THE INSURANCE industry has been allowed to fly under the radar for a number of years, but things are about to change. George Osborne’s Budget, in which he announced a sweeping overhaul of the pensions industry, has annuities providers reaching for their calculators to try and figure out just how badly businesses will be hit – not to mention what their customers might do with their new-found freedom.
“There’s no doubt this was a last minute decision,” chief executive of Scottish Widows Toby Strauss says. “These changes will be good for customers, but they have come out of the blue and things will be unclear for a while.”
Scottish Widows is better placed than most to cope with the changes. Strauss says the business is well-balanced, and that he has been working on overhauling the way it delivers annuities for a while. “We are on a journey to get to a better place, to focusing on customers; annuities is a good example of us not doing that,” he admits.
Since he arrived at Lloyds Group in 2011, Strauss has focused on the need to simplify annuities to make sure customers get value for money, something he admits doesn’t happen in the industry at the moment. He talks excitedly of bringing the cloaked widow associated with the company back to our TV screens, and of growing the brand into a trusted expert provider.
“People trust in the brand big time,” he explains, “We’re human because of the widow and our competitors don’t have that – they’re just a label. In this world of competitiveness and lack of consumer confidence that sort of thing matters a lot.”
The new widow is actress Amber Martinez, the fourth to wear the distinctive black and red cape since 1986.

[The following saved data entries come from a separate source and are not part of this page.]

(* For every $R>0$, the set $\mathcal P^\star_R$ of $R$-special measures is closed in $\mathcal P(C([0,T],\mathbb R^D))$ under weak convergence (and therefore also under the Wasserstein $L^1$ metric).
   Context: Fix $T>0$, integers $L\ge3$, $D_0,\dots,D_L\ge1$, $D=\sum_\ell D_\ell$; write $a\in\mathbb R^D$ as $(a^{(0)},\dots,a^{(L)})$ with $a^{(\ell)}\in\mathbb R^{D_\ell}$. Fix probability measures $\mu_0^{(\ell)}\in\mathcal P(\mathbb R^{D_\ell})$ with finite first moment and let $\mu_0=\prod_{\ell=0}^L\mu_0^{(\ell)}$. $C([0,T],\mathbb R^D)$ carries the sup norm. $\mathcal P_R$: the set of $\nu_{[0,T]}\in\mathcal P(C([0,T],\mathbb R^D))$ such that, if $\Theta\sim\nu_{[0,T]}$, then (1) $\Theta(0)\sim\mu_0$; (2) the coordinate trajectories $\Theta^{(0)}$ and $\Theta^{(L)}$ are a.s. constant in time; (3) each $\Theta^{(\ell)}$ is $R$-Lipschitz in time. $R$-special function: $F:\mathbb R^{D_{L-1}}\times\mathbb R^{D_L}\to C([0,T],\mathbb R^{D_{L-1}})$ such that (1) for each $a=(a^{(L-1)},a^{(L)})$, $t\mapsto F(a)(t)$ is $R$-Lipschitz and $F(a)(0)=a^{(L-1)}$; (2) for each $t\in[0,T]$, $a\mapsto F(a)(t)$ is $e^{Rt}$-Lipschitz. $R$-special measure: $\mu_{[0,T]}\in\mathcal P_R$ for which there is an $R$-special function $F_\mu$ such that, if $\Theta\sim\mu_{[0,T]}$, then a.s. for all $t\in[0,T]$, $\Theta^{(L-1)}(t)=F_\mu(\Theta^{(L-1)}(0),\Theta^{(L)}(0))(t)$. $\mathcal P^\star_R$ is the set of $R$-special measures. *)

theory Defs
  imports "HOL-Analysis.Analysis" "HOL-Probability.Probability"
begin

text \<open>Coordinates of R^D are indexed by a finite type 'n; the map blk assigns each
coordinate to its block number in 0..L.  The block R^{D_l} is identified with the
coordinate subspace of vectors vanishing outside the block.\<close>

definition blockset :: "('n \<Rightarrow> nat) \<Rightarrow> nat \<Rightarrow> 'n set" where
  "blockset blk l = {i. blk i = l}"

definition bproj :: "'n set \<Rightarrow> real^'n \<Rightarrow> real^'n" where
  "bproj S x = (\<chi> i. if i \<in> S then x $ i else 0)"

definition init_block_measure :: "('n::finite \<Rightarrow> nat) \<Rightarrow> nat \<Rightarrow> (real^'n) measure \<Rightarrow> bool" where
  "init_block_measure blk l \<mu> \<longleftrightarrow>
     prob_space \<mu> \<and> sets \<mu> = sets borel \<and>
     (AE x in \<mu>. bproj (blockset blk l) x = x) \<and>
     integrable \<mu> (\<lambda>x. norm x)"

text \<open>mu0 = product of the mu0^(l), as a measure on R^D.\<close>
definition init_measure :: "nat \<Rightarrow> (nat \<Rightarrow> (real^'n::finite) measure) \<Rightarrow> (real^'n) measure" where
  "init_measure L \<mu>0b = distr (PiM {..L} \<mu>0b) borel (\<lambda>X. \<Sum>l\<le>L. X l)"

text \<open>C([0,T],R^D) is identified (isometrically, sup norm) with the bounded continuous
functions on the real line that are constant outside [0,T].\<close>
definition paths :: "real \<Rightarrow> (real \<Rightarrow>\<^sub>C 'a::metric_space) set" where
  "paths T = {\<Theta>. \<forall>t. apply_bcontfun \<Theta> t = apply_bcontfun \<Theta> (max 0 (min T t))}"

“There was quite a lot of discussion about what the right widow was,” Strauss explains, nodding to the picture of Martinez which stands on a sideboard in his office.

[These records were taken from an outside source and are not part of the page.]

lemma comm_assoc_algebra_on_projection:
  assumes alg: "comm_assoc_algebra_on U m"
    and P: "linear P"
    and "I \<subseteq> U"
    and ideal: "\<And>x y. x \<in> U \<Longrightarrow> y \<in> I \<Longrightarrow> m x y \<in> I"
    and P_I: "\<And>x. x \<in> I \<Longrightarrow> P x = 0"
    and P_congruent: "\<And>x. x \<in> U \<Longrightarrow> P x - x \<in> I"
  shows "comm_assoc_algebra_on (P ` U) (\<lambda>x y. P (m x y))"
proof -
  have U: "subspace U" and m: "bilinear m"
    and closed: "\<And>x y. x \<in> U \<Longrightarrow> y \<in> U \<Longrightarrow> m x y \<in> U"
    and comm: "\<And>x y. x \<in> U \<Longrightarrow> y \<in> U \<Longrightarrow> m x y = m y x"
    and assoc: "\<And>x y z. x \<in> U \<Longrightarrow> y \<in> U \<Longrightarrow> z \<in> U \<Longrightarrow> m (m x y) z = m x (m y z)"
    using alg by (auto simp: comm_assoc_algebra_on_def)
  have P_U: "P x \<in> U" if "x \<in> U" for x
  proof -
    have "(P x - x) + x \<in> U"
      using P_congruent [OF that] \<open>I \<subseteq> U\<close> that by (blast intro: subspace_add [OF U])
    then show ?thesis
      by simp
  qed
  have P_mult_left: "P (m (P x) y) = P (m x y)" if "x \<in> U" "y \<in> U" for x y
  proof -
    have "m (P x) y - m x y = m y (P x - x)"
      using that P_U comm by (simp add: bilinear_rsub [OF m])
    also have "\<dots> \<in> I"
      using that P_congruent ideal by blast
    finally have "P (m (P x) y - m x y) = 0"
      by (rule P_I)
    then show ?thesis
      by (simp add: linear_diff [OF P])
  qed
  have "P (m (P (m x y)) z) = P (m x (P (m y z)))" if "x \<in> U" "y \<in> U" "z \<in> U" for x y z
  proof -
    have "P (m (P (m x y)) z) = P (m (m x y) z)"
      using that closed by (simp add: P_mult_left)
    also have "\<dots> = P (m (m y z) x)"
      using that closed comm assoc by metis
    also have "\<dots> = P (m (P (m y z)) x)"
      using that closed by (simp add: P_mult_left)
    also have "\<dots> = P (m x (P (m y z)))"
      using that closed P_U comm by metis
    finally show ?thesis .
  qed
  moreover have "bilinear (\<lambda>x y. P (m x y))"
    using m P unfolding bilinear_def linear_iff by (simp add: linear_add linear_scale)
  moreover have "subspace (P ` U)"
    using P U by (rule linear_subspace_image)
  ultimately show ?thesis
    unfolding comm_assoc_algebra_on_def using P_U closed comm by auto
qed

“The strong feedback was girl-next-door. Actually, we’ve settled on attractive girl next door!”
The new advert aims to persuade a younger demographic to get thinking about retirement, Strauss explains.
“People don’t want to engage with this stuff. They don’t want to spend their lives thinking about financial services, they just want to know it’s sorted – and you have to play to that.”
He accepts that the good old days of a lump-sum payout from a final salary pension are over for the vast majority of people, and seems genuinely concerned about what will happen to those who don’t save when they’re young.
“The pension system needs reforming,” he says, “But we would like it reformed in one go, rather than in bits and pieces, because it’s already incredibly confusing and each reform makes it more confusing, not less.”
While the changes to annuities may have come out of the blue, Strauss is confident that providers will adapt, but admits it’s hard to know how many people will choose to buy similar products in the future.
“Retirement is changing so fundamentally, we need to be able to help people plan for their retirement.”
“It’s a big issue for us but it’s also a big societal shift and people have never had to think about it before. It’s complicated,” Strauss admits, echoing the shadow chancellor Ed Balls as he warns: “If you get your decisions wrong they are big decisions.”
He highlights the importance of an increase to Isa limits, which will encourage saving, adding that he believes more people will start to put their money in property, particularly buy-to-lets. “There could be a risk of a property boom, but these things are all up in the air,” he adds.
So does he enjoy his job? “Insurance is complicated but I enjoy it. If we get it right we’ll change a lot of people’s lives for the better.”
CV TOBY STRAUSS
Toby joined Lloyds Banking Group in October 2011 as group director for Insurance and CEO of Scottish Widows. Before joining Lloyds, Toby was UK Life CEO at Aviva and prior to this he was chief operating officer for UK Life. He joined Aviva in 2008.
In April 2013 Toby was appointed as a Trustee of Macmillan Cancer Support.